Saturday, November 16, 2013

The Value of Bad News and Negative Feedback

Justin Bieber has a tattoo of his mother's birthday (1975) to show how much he loves her. How sweet.

The tat, which he got in January, 2013, joined 15 others, including a crown, an Indian head (his high school mascot) and an owl, a Jesus portrait, along with LOVE spelled out on his knuckles. How bad-ass of the boy.

But there's a tiny problem with his inky tribute.

The tattoo reads: "I IX VII V" which is NOT the year 1975, but simply "1, 9, 7, 5" - a mere list of numbers. The year 1975 in Roman Numerals is ACTUALLY rendered "MCMLXXV." M = 1000, CM = 900 (or 1000-100) LXX = 70 (50 + two 10s) and V = five.

So, yeah, that was unfortunate. And it received heavy and snarky coverage online when he first revealed it. (see here, and here, and here.)

This raises a couple of questions. Who got this wrong - was it the tattoo artist? Unlikely. Even an artist who's been in business for a week would have known better.

Or did he come up with it himself? Well, that's possible. He might have looked in a book and seen the numbers, and put this together himself, presenting it to his friends and then to a tattoo artist.

But the most important question is: If he showed this list of Roman Numerals to others and to an experienced tattoo artist, why didn't someone tell him it was not a rendering of the year?

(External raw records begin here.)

(* A convex quadrilateral has 2 triangulations and a convex pentagon has 5 (all related by
   rotation).  For each of them, an enumeration of the marked points followed by a short sequence
   of mutations (two for n = 4, five for n = 5) yields an exchange matrix whose entries are 0 or
   \<plusminus>1, the nonzero ones exactly on the edges of D4, resp. E7.  Mutation of the relabelled quiver
   is evaluated on integer matrices, so each of these seven certificates is checked by
   evaluation. *)

lemma mutate_seq_Cons: "mutate_seq (k # ks) e = mutate_seq ks (mutate k e)"
  by (simp add: mutate_seq_def)

lemma mutate_seq_cong:
  assumes "\<And>i j. i \<in> S \<Longrightarrow> j \<in> S \<Longrightarrow> e i j = e' i j" "set ks \<subseteq> S" "i \<in> S" "j \<in> S"
  shows "mutate_seq ks e i j = mutate_seq ks e' i j"
  using assms
proof (induction ks arbitrary: e e')
  case Nil
  then show ?case by (simp add: mutate_seq_def)
next
  case (Cons k ks)
  have "mutate k e i j = mutate k e' i j" if "i \<in> S" "j \<in> S" for i j
    using Cons.prems(1,2) that by (simp add: mutate_def)
  then have "mutate_seq ks (mutate k e) i j = mutate_seq ks (mutate k e') i j"
    using Cons.prems(2-4) by (intro Cons.IH) simp_all
  then show ?case by (simp add: mutate_seq_Cons)
qed

lemma mutate_relabel:
  assumes "inj_on g S" "k \<in> S" "i \<in> S" "j \<in> S"
  shows "mutate (g k) e (g i) (g j) = mutate k (\<lambda>i j. e (g i) (g j)) i j"
  using assms by (simp add: mutate_def inj_on_eq_iff)

lemma mutate_seq_relabel:
  assumes "inj_on g S" "set ks \<subseteq> S" "i \<in> S" "j \<in> S"
  shows "mutate_seq (map g ks) e (g i) (g j) = mutate_seq ks (\<lambda>i j. e (g i) (g j)) i j"
  using assms(2-)
proof (induction ks arbitrary: e)
  case Nil
  then show ?case by (simp add: mutate_seq_def)
next
  case (Cons k ks)
  have "mutate_seq (map g (k # ks)) e (g i) (g j)
      = mutate_seq ks (\<lambda>i j. mutate (g k) e (g i) (g j)) i j"
    using Cons.IH Cons.prems by (simp add: mutate_seq_Cons)
  also have "\<dots> = mutate_seq ks (mutate k (\<lambda>i j. e (g i) (g j))) i j"
    using Cons.prems by (intro mutate_seq_cong[of S]) (simp_all add: mutate_relabel[OF assms(1)])
  finally show ?case by (simp add: mutate_seq_Cons)
qed

lemma mutation_equivalent_relabel:
  assumes "bij_betw g W V" "set ks \<subseteq> W"
  shows "mutation_equivalent V e W (mutate_seq ks (\<lambda>i j. e (g i) (g j)))"
  unfolding mutation_equivalent_def
proof (intro exI conjI ballI)
  let ?f = "inv_into W g"
  show "set (map g ks) \<subseteq> V"
    using assms by (auto simp: bij_betw_def)
  show "bij_betw ?f V W"
    using assms(1) by (rule bij_betw_inv_into)
  fix i j
  assume "i \<in> V" "j \<in> V"
  then have "?f i \<in> W" "?f j \<in> W" "g (?f i) = i" "g (?f j) = j"
    using assms(1) by (auto simp: bij_betw_def inv_into_into f_inv_into_f)
  moreover have "inj_on g W"
    using assms(1) by (rule bij_betw_imp_inj_on)
  ultimately show "mutate_seq ks (\<lambda>i j. e (g i) (g j)) (?f i) (?f j) = mutate_seq (map g ks) e i j"
    using mutate_seq_relabel[of g W ks "?f i" "?f j" e] assms(2) by simp
qed

definition matrix :: "nat \<Rightarrow> (nat \<Rightarrow> nat \<Rightarrow> 'a) \<Rightarrow> 'a list list" where
  "matrix m e = map (\<lambda>i. map (e i) [0..<m]) [0..<m]"

definition mutate_matrix :: "nat \<Rightarrow> int list list \<Rightarrow> int list list" where
  "mutate_matrix k A = matrix (length A) (mutate k (\<lambda>i j. A ! i ! j))"

lemma matrix_nth [simp]: "i < m \<Longrightarrow> j < m \<Longrightarrow> matrix m e ! i ! j = e i j"
  by (simp add: matrix_def)

lemma length_matrix [simp]: "length (matrix m e) = m"
  by (simp add: matrix_def)

lemma map_matrix: "map (map f) (matrix m e) = matrix m (\<lambda>i j. f (e i j))"
  by (simp add: matrix_def)

lemma matrix_cong: "(\<And>i j. i < m \<Longrightarrow> j < m \<Longrightarrow> e i j = e' i j) \<Longrightarrow> matrix m e = matrix m e'"
  by (simp add: matrix_def)

lemma mutate_matrix_matrix: "k < m \<Longrightarrow> mutate_matrix k (matrix m e) = matrix m (mutate k e)"
  unfolding mutate_matrix_def length_matrix by (rule matrix_cong) (simp add: mutate_def)

lemma fold_mutate_matrix:
  "set ks \<subseteq> {..<m} \<Longrightarrow> fold mutate_matrix ks (matrix m e) = matrix m (mutate_seq ks e)"
  by (induction ks arbitrary: e) (simp_all add: mutate_seq_def mutate_matrix_matrix)

text \<open>The list \<open>q\<close> enumerates \<open>V\<close>; its \<open>i\<close>-th entry becomes the vertex \<open>i\<close> of \<open>W\<close>.\<close>

lemma mutation_equivalent_to_DynkinI:
  assumes "distinct q" "set q = V" "W = {0..<length q}" "set ks \<subseteq> W"
    and "map (map abs) (fold mutate_matrix ks (matrix (length q) (\<lambda>i j. e (q ! i) (q ! j))))
           = matrix (length q) (\<lambda>i j. if G i j then 1 else 0)"
  shows "mutation_equivalent_to_Dynkin V e W G"
  unfolding mutation_equivalent_to_Dynkin_def
proof (intro exI conjI)
  let ?d = "mutate_seq ks (\<lambda>i j. e (q ! i) (q ! j))"
  have "bij_betw (nth q) W V"
    using assms(1-3) by (simp add: bij_betw_nth atLeast0LessThan)
  then show "mutation_equivalent V e W ?d"
    using assms(4) by (rule mutation_equivalent_relabel)
  have "\<bar>?d i j\<bar> = (if G i j then 1 else 0)" if "i \<in> W" "j \<in> W" for i j
    using arg_cong[OF assms(5), of "\<lambda>A. A ! i ! j"] assms(3,4) that
    by (simp add: map_matrix fold_mutate_matrix atLeast0LessThan)
  then show "underlying_graph_is W ?d G"
    by (simp add: underlying_graph_is_def)
qed

lemma Collect_is_diagonal:
  "{e. is_diagonal n e} = set [(i, j). i \<leftarrow> [0..<n], j \<leftarrow> [i + 2..<n], \<not> (i = 0 \<and> j = n - 1)]"
  by (auto simp: is_diagonal_def)

lemma Collect_is_triangulation:
  "{T. is_triangulation n T} = Set.filter (\<lambda>T. (\<forall>e\<in>T. \<forall>f\<in>T. \<not> crosses e f) \<and>
      (\<forall>e\<in>{e. is_diagonal n e}. e \<notin> T \<longrightarrow> (\<exists>f\<in>T. crosses e f))) (Pow {e. is_diagonal n e})"
  by (auto simp: is_triangulation_def)

lemma triangulations_4: "{T. is_triangulation 4 T} = {{(0, 2)}, {(1, 3)}}"
  unfolding Collect_is_triangulation Collect_is_diagonal by code_simp

lemma triangulations_5:
  "{T. is_triangulation 5 T} =
     {{(0, 2), (0, 3)}, {(0, 2), (2, 4)}, {(0, 3), (1, 3)}, {(1, 3), (1, 4)}, {(1, 4), (2, 4)}}"
  unfolding Collect_is_triangulation Collect_is_diagonal by code_simp

lemma triangles_code [code]:
  "triangles n T = set [(u, v, w). u \<leftarrow> [0..<n], v \<leftarrow> [Suc u..<n], w \<leftarrow> [Suc v..<n],
     is_edge n T (u, v) \<and> is_edge n T (v, w) \<and> is_edge n T (u, w)]"
  by (auto simp: triangles_def)

lemma marked_points_code [code]:
  "marked_points n T = Cen ` triangles n T \<union> (\<Union>(a, b)\<in>T. if a \<le> b then {Pt a b, Pt b a} else {})"
proof -
  have "{Pt x y | x y. (min x y, max x y) \<in> T} = (\<Union>(a, b)\<in>T. if a \<le> b then {Pt a b, Pt b a} else {})"
  proof (intro equalityI subsetI)
    fix p
    assume "p \<in> {Pt x y | x y. (min x y, max x y) \<in> T}"
    then obtain x y where "p = Pt x y" "(min x y, max x y) \<in> T"
      by blast
    then show "p \<in> (\<Union>(a, b)\<in>T. if a \<le> b then {Pt a b, Pt b a} else {})"
      by (cases "x \<le> y") (force simp: min_def max_def)+
  next
    fix p
    assume "p \<in> (\<Union>(a, b)\<in>T. if a \<le> b then {Pt a b, Pt b a} else {})"
    then obtain a b where "(a, b) \<in> T" "a \<le> b" and p: "p = Pt a b \<or> p = Pt b a"
      by (auto split: if_splits)
    then have "(min a b, max a b) \<in> T" "(min b a, max b a) \<in> T"
      by (auto simp: min_def max_def)
    with p show "p \<in> {Pt x y | x y. (min x y, max x y) \<in> T}"
      by blast
  qed
  then show ?thesis
    by (simp add: marked_points_def)
qed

If he did show others, it's entirely possible that they simply were too afraid to tell him it was wrong - a case of "The Emperor's New Clothes," in which no one will tell the emperor that he's not wearing an invisible cloak, but is simply naked - out of fear of offending the emperor.

In the case of Bieber, is he surrounded by sycophants who were afraid to say "no, you're plan is wrong" to the Star who may send them packing for scuttling his poorly laid out plans?

If this is true, he’s not alone. Business owners and political leaders are often presented with “bad news,” by their advisers, including their public relations consultants. 

Sure, negative feedback is not always welcome, and not always fun to hear. It also should be offered tactfully and presented gracefully.

But it must be presented, and should be welcomed. 

To demand that, “We want only positive feedback here,” is a remarkably bad policy, which can lead to something far worse than a tattoo, which can in most cases be fixed.

As Elon Musk said recently, "I think it's important to take as much feedback as you can from as many people as you can about whatever idea you have. You should seek negative feedback, especially from friends." This is a lesson Justin Beiber needs to heed, as do we all.

What those in business and politics (as well as the arts, the military and any other institution) can take from Bieber’s tattoo flub is that it pays to listen to your consultants in good faith. They are not simply paid to be “yes men” and sycophants, but to give honest and frank advice designed to both avoid reputation-damaging mistakes and help to claw your way back when you make them.

Another problem is that often, consultants are not included in major decision-making meetings, and are left out of the loop. That’s a huge mistake, because they are there to prevent major screw ups and poor ethical decisions that can quickly come back to haunt them — like Bieber’s tattoo.

Sadly, either no one has told young Mr. Bieber that he made an error or he didn't care, because a recent photo shows the same erroneous numerals on his chest.

Don't likewise ignore the good advice of your PR professional when it's offered. Even if it's "negative."